Audioboxer
Member
Honestly I'm not really sure why they pulled it. It's not as if those who felt insulted are going to suddenly start using the app now that they retracted it. The act was done, whatever intention they interpreted the developer to have is now entrenched.
From CEOs, to marketing, to HR, it will have been panic stations to decide how to stem the tide of racism accusations. The longer they go on and get written on respectable publications
https://gizmodo.com/faceapp-launches-digital-blackface-options-because-the-1797682556
https://www.theguardian.com/technol...rced-to-pull-racist-filters-digital-blackface
http://www.telegraph.co.uk/technolo...ks-racist-backlash-black-white-asian-filters/
https://www.washingtonpost.com/news...-react-to-their-new-change-your-race-filters/
http://money.cnn.com/2017/08/09/technology/faceapp-ethnicity-filter/index.html
The more the £££ might be impacted, especially through advertisers, and also your reputation goes in the tank as people read headlines saying "FaceApp is racist".
I expect a full apology to be issued soon if it hasn't been already. It's just the usual way a company is going to handle this.
Within the accusations, I think some need to think about the intent within the app. It worked for all people, and it attempted to realistically alter faces. It wasn't some minstrel show that did this when you loaded up the filters at the mockery and expense of black people
They tried to highlight that
The company initially released a statement arguing that the ”ethnicity change filters" were ”designed to be equal in all aspects".
”They don't have any positive or negative connotations associated with them," the company's chief executive Yaroslav Goncharov said. ”They are even represented by the same icon. In addition to that, the list of those filters is shuffled for every photo, so each user sees them in a different order."

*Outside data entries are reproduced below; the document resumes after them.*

lemma emeasure_joint_law_box:
  assumes \<gamma>: "\<And>j. j < Suc n \<Longrightarrow> 0 < \<gamma> j"
    and S: "\<And>k. S k \<in> sets borel"
  shows "emeasure (joint_law n \<gamma>) (space (Lam_space n) \<times> Pi\<^sub>E ({..<n} \<times> {..<Suc n}) S)
       = (\<Prod>j<Suc n. \<integral>\<^sup>+a. (\<Prod>i<n. emeasure (exponential_measure a) (S (i, j))) \<partial>gamma_measure (\<gamma> j))"
    (is "emeasure _ ?B = _")
proof -
  let ?I = "{..<n} \<times> {..<Suc n}"
  have box_sets: "Pi\<^sub>E ?I S \<in> sets (W_space n)"
    unfolding W_space_def using S by (intro sets_PiM_I_finite) auto
  then have B_sets: "?B \<in> sets (Lam_space n \<Otimes>\<^sub>M W_space n)"
    by (intro pair_measureI) auto
  have space_Lam_law: "space (Lam_law n \<gamma>) = space (Lam_space n)"
    by (rule sets_eq_imp_space_eq[OF sets_Lam_law])
  have "emeasure (joint_law n \<gamma>) ?B
      = (\<integral>\<^sup>+l. emeasure (distr (W_kernel n l) (Lam_space n \<Otimes>\<^sub>M W_space n) (\<lambda>w. (l, w))) ?B \<partial>Lam_law n \<gamma>)"
    unfolding joint_law_def
    by (rule emeasure_bind[OF _ measurable_W_kernel_Pair B_sets])
       (simp add: space_Lam_law Lam_space_def space_PiM PiE_eq_empty_iff)
  also have "\<dots> = (\<integral>\<^sup>+l. (\<Prod>j<Suc n. \<Prod>i<n. emeasure (exponential_measure (l j)) (S (i, j))) \<partial>Lam_law n \<gamma>)"
  proof (rule nn_integral_cong)
    fix l assume l: "l \<in> space (Lam_law n \<gamma>)"
    have space_W_kernel: "space (W_kernel n l) = space (W_space n)"
      by (rule sets_eq_imp_space_eq[OF sets_W_kernel])
    have Pair_meas: "(\<lambda>w. (l, w)) \<in> W_kernel n l \<rightarrow>\<^sub>M Lam_space n \<Otimes>\<^sub>M W_space n"
      using l space_Lam_law measurable_ident_sets[OF sets_W_kernel] by (intro measurable_Pair) auto
    have "(\<lambda>w. (l, w)) -` ?B \<inter> space (W_kernel n l) = Pi\<^sub>E ?I S"
      using l space_Lam_law space_W_kernel sets.sets_into_space[OF box_sets] by auto
    then have "emeasure (distr (W_kernel n l) (Lam_space n \<Otimes>\<^sub>M W_space n) (\<lambda>w. (l, w))) ?B
        = (\<Prod>k\<in>?I. emeasure (exponential_measure (l (snd k))) (S k))"
      using S by (simp add: emeasure_distr[OF Pair_meas B_sets] emeasure_W_kernel_PiE)
    also have "\<dots> = (\<Prod>i<n. \<Prod>j<Suc n. emeasure (exponential_measure (l j)) (S (i, j)))"
      unfolding prod.cartesian_product by (rule prod.cong) auto
    also have "\<dots> = (\<Prod>j<Suc n. \<Prod>i<n. emeasure (exponential_measure (l j)) (S (i, j)))"
      by (rule prod.swap)
    finally show "emeasure (distr (W_kernel n l) (Lam_space n \<Otimes>\<^sub>M W_space n) (\<lambda>w. (l, w))) ?B
        = (\<Prod>j<Suc n. \<Prod>i<n. emeasure (exponential_measure (l j)) (S (i, j)))" .
  qed
  also have "\<dots> = (\<Prod>j<Suc n. \<integral>\<^sup>+a. (\<Prod>i<n. emeasure (exponential_measure a) (S (i, j))) \<partial>gamma_measure (\<gamma> j))"
    using \<gamma> S by (intro nn_integral_Lam_law_prod) auto
  finally show ?thesis .
qed

lemma prod_emeasure_exponential_measure_survival:
  fixes c t :: "nat \<Rightarrow> real"
  assumes a: "0 < a" and c: "\<And>i. i < n \<Longrightarrow> c i \<in> {0, 1}" and t: "\<And>i. i < n \<Longrightarrow> 0 \<le> t i"
  shows "(\<Prod>i<n. emeasure (exponential_measure a) (if c i \<noteq> 0 then {t i<..} else UNIV))
       = ennreal (exp (- a * (\<Sum>i<n. c i * t i)))"
proof -
  have "emeasure (exponential_measure a) (if c i \<noteq> 0 then {t i<..} else UNIV)
      = ennreal (exp (- a * (c i * t i)))" if i: "i < n" for i
    using c[OF i] emeasure_exponential_measure_greaterThan[OF a t[OF i]]
      prob_space.emeasure_space_1[OF prob_space_exponential_density[OF a]]
    by auto
  then have "(\<Prod>i<n. emeasure (exponential_measure a) (if c i \<noteq> 0 then {t i<..} else UNIV))
      = ennreal (\<Prod>i<n. exp (- a * (c i * t i)))"
    by (simp add: prod_ennreal)
  also have "(\<Prod>i<n. exp (- a * (c i * t i))) = exp (- a * (\<Sum>i<n. c i * t i))"
    by (simp add: exp_sum[symmetric] sum_distrib_left sum_negf)
  finally show ?thesis .
qed

lemma measure_joint_law_survival:
  fixes c :: "nat \<Rightarrow> nat \<Rightarrow> real" and t :: "nat \<Rightarrow> real"
  assumes c: "\<And>i j. i < n \<Longrightarrow> j < Suc n \<Longrightarrow> c i j \<in> {0, 1}"
    and t: "\<And>i. i < n \<Longrightarrow> 0 \<le> t i"
    and \<gamma>: "\<And>j. j < Suc n \<Longrightarrow> 0 < \<gamma> j"
  shows "measure (joint_law n \<gamma>) (space (Lam_space n) \<times>
           Pi\<^sub>E ({..<n} \<times> {..<Suc n}) (\<lambda>(i, j). if c i j \<noteq> 0 then {t i<..} else UNIV))
       = (\<Prod>j<Suc n. (1 + (\<Sum>i<n. c i j * t i)) powr (- \<gamma> j))"
proof -
  define s where "s j = (\<Sum>i<n. c i j * t i)" for j
  have laplace: "(\<integral>\<^sup>+a. (\<Prod>i<n. emeasure (exponential_measure a) (if c i j \<noteq> 0 then {t i<..} else UNIV))
      \<partial>gamma_measure (\<gamma> j)) = ennreal ((1 + s j) powr (- \<gamma> j))" if j: "j < Suc n" for j
  proof -
    have "AE a in gamma_measure (\<gamma> j). 0 < a"
      by (subst AE_density) (auto simp: gamma_density_def)
    then have "(\<integral>\<^sup>+a. (\<Prod>i<n. emeasure (exponential_measure a) (if c i j \<noteq> 0 then {t i<..} else UNIV))
        \<partial>gamma_measure (\<gamma> j)) = (\<integral>\<^sup>+a. ennreal (exp (- s j * a)) \<partial>gamma_measure (\<gamma> j))"
      using c j t by (intro nn_integral_cong_AE)
        (auto simp: s_def prod_emeasure_exponential_measure_survival mult.commute)
    also have "\<dots> = ennreal ((1 + s j) powr (- \<gamma> j))"
    proof (rule nn_integral_gamma_measure_exp[OF \<gamma>[OF j]])
      show "0 \<le> s j"
        unfolding s_def using c j t by (intro sum_nonneg) fastforce
    qed
    finally show ?thesis .
  qed
  have "emeasure (joint_law n \<gamma>) (space (Lam_space n) \<times>
          Pi\<^sub>E ({..<n} \<times> {..<Suc n}) (\<lambda>(i, j). if c i j \<noteq> 0 then {t i<..} else UNIV))
      = (\<Prod>j<Suc n. \<integral>\<^sup>+a. (\<Prod>i<n. emeasure (exponential_measure a)
          (if c i j \<noteq> 0 then {t i<..} else UNIV)) \<partial>gamma_measure (\<gamma> j))"
    by (subst emeasure_joint_law_box[OF \<gamma>]) (auto split: prod.split)
  also have "\<dots> = (\<Prod>j<Suc n. ennreal ((1 + s j) powr (- \<gamma> j)))"
    by (rule prod.cong) (simp_all add: laplace)
  also have "\<dots> = ennreal (\<Prod>j<Suc n. (1 + s j) powr (- \<gamma> j))"
    by (rule prod_ennreal) simp
  finally show ?thesis
    by (simp add: measure_def prod_nonneg s_def)
qed

theorem theorem4p1:
  fixes M :: "'a measure" and n :: nat
    and c :: "nat \<Rightarrow> nat \<Rightarrow> real" and \<sigma> \<gamma> :: "nat \<Rightarrow> real"
    and Lam :: "'a \<Rightarrow> nat \<Rightarrow> real" and W :: "'a \<Rightarrow> nat \<Rightarrow> nat \<Rightarrow> real"
    and X :: "nat \<Rightarrow> 'a \<Rightarrow> real" and x :: "nat \<Rightarrow> real"
  assumes "prob_space M"
    and c01: "\<And>i j. i < n \<Longrightarrow> j < Suc n \<Longrightarrow> c i j \<in> {0, 1}"
    and \<sigma>_pos: "\<And>i. i < n \<Longrightarrow> \<sigma> i > 0"
    and \<gamma>_pos: "\<And>j. j < Suc n \<Longrightarrow> \<gamma> j > 0"
    and row_pos: "\<And>i. i < n \<Longrightarrow> (\<Sum>j<Suc n. c i j * \<gamma> j) > 0"
    and meas: "(\<lambda>\<omega>. (\<lambda>j\<in>{..<Suc n}. Lam \<omega> j, \<lambda>(i, j)\<in>{..<n} \<times> {..<Suc n}. W \<omega> i j))
                 \<in> M \<rightarrow>\<^sub>M (Lam_space n \<Otimes>\<^sub>M W_space n)"
    and law: "distr M (Lam_space n \<Otimes>\<^sub>M W_space n)
                (\<lambda>\<omega>. (\<lambda>j\<in>{..<Suc n}. Lam \<omega> j, \<lambda>(i, j)\<in>{..<n} \<times> {..<Suc n}. W \<omega> i j))
              = joint_law n \<gamma>"
    and X_def: "\<And>i \<omega>. i < n \<Longrightarrow>
                 X i \<omega> = \<sigma> i * Min {W \<omega> i j | j. j < Suc n \<and> c i j \<noteq> 0}"
    and x_pos: "\<And>i. i < n \<Longrightarrow> x i > 0"
  shows "measure M {\<omega> \<in> space M. \<forall>i<n. X i \<omega> > x i}
           = (\<Prod>j<Suc n. (1 + (\<Sum>i<n. c i j / \<sigma> i * x i)) powr (- \<gamma> j))"
proof -
  define t where "t i = x i / \<sigma> i" for i
  define F where "F = (\<lambda>\<omega>. (\<lambda>j\<in>{..<Suc n}. Lam \<omega> j, \<lambda>(i, j)\<in>{..<n} \<times> {..<Suc n}. W \<omega> i j))"
  define B where "B = space (Lam_space n) \<times>
    Pi\<^sub>E ({..<n} \<times> {..<Suc n}) (\<lambda>(i, j). if c i j \<noteq> 0 then {t i<..} else UNIV)"
  have B_sets: "B \<in> sets (Lam_space n \<Otimes>\<^sub>M W_space n)"
    unfolding B_def W_space_def by (intro pair_measureI sets_PiM_I_finite) (auto split: prod.split)
  have X_gt_iff: "X i \<omega> > x i \<longleftrightarrow> (\<forall>j<Suc n. c i j \<noteq> 0 \<longrightarrow> W \<omega> i j > t i)" if i: "i < n" for i \<omega>
  proof -
    \<comment> \<open>\<open>row_pos\<close> only serves to make the minimum range over a nonempty set.\<close>
    have nonempty: "{W \<omega> i j | j. j < Suc n \<and> c i j \<noteq> 0} \<noteq> {}"
      using row_pos[OF i] by (force intro: sum.neutral)
    have "X i \<omega> > x i \<longleftrightarrow> Min {W \<omega> i j | j. j < Suc n \<and> c i j \<noteq> 0} > t i"
      using \<sigma>_pos[OF i] by (simp add: X_def[OF i] t_def pos_divide_less_eq mult.commute)
    also have "\<dots> \<longleftrightarrow> (\<forall>j<Suc n. c i j \<noteq> 0 \<longrightarrow> W \<omega> i j > t i)"
      using Min_gr_iff[OF _ nonempty] by auto
    finally show ?thesis .
  qed
  have "{\<omega> \<in> space M. \<forall>i<n. X i \<omega> > x i} = F -` B \<inter> space M"
    by (force simp: X_gt_iff F_def B_def Lam_space_def space_PiM PiE_iff)
  then have "measure M {\<omega> \<in> space M. \<forall>i<n. X i \<omega> > x i} = measure (joint_law n \<gamma>) B"
    using measure_distr[OF meas B_sets] by (simp add: law F_def)
  also have "\<dots> = (\<Prod>j<Suc n. (1 + (\<Sum>i<n. c i j * t i)) powr (- \<gamma> j))"
    unfolding B_def using c01 \<sigma>_pos x_pos \<gamma>_pos
    by (intro measure_joint_law_survival) (auto simp: t_def less_imp_le)
  finally show ?thesis
    by (simp add: t_def)
qed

As I said above (last page), probably a casualty of its times, being one of the first, free, quick and pretty realistic ways to do something like this for millions all at once. In that sense, you can maybe say the developers and owners were stupid to do what they did. Let someone else do it first (and take the backlash), but then again, that's not how it works in the tech industry. Usually, everyone wants to be first to show off the tech they have/are working on.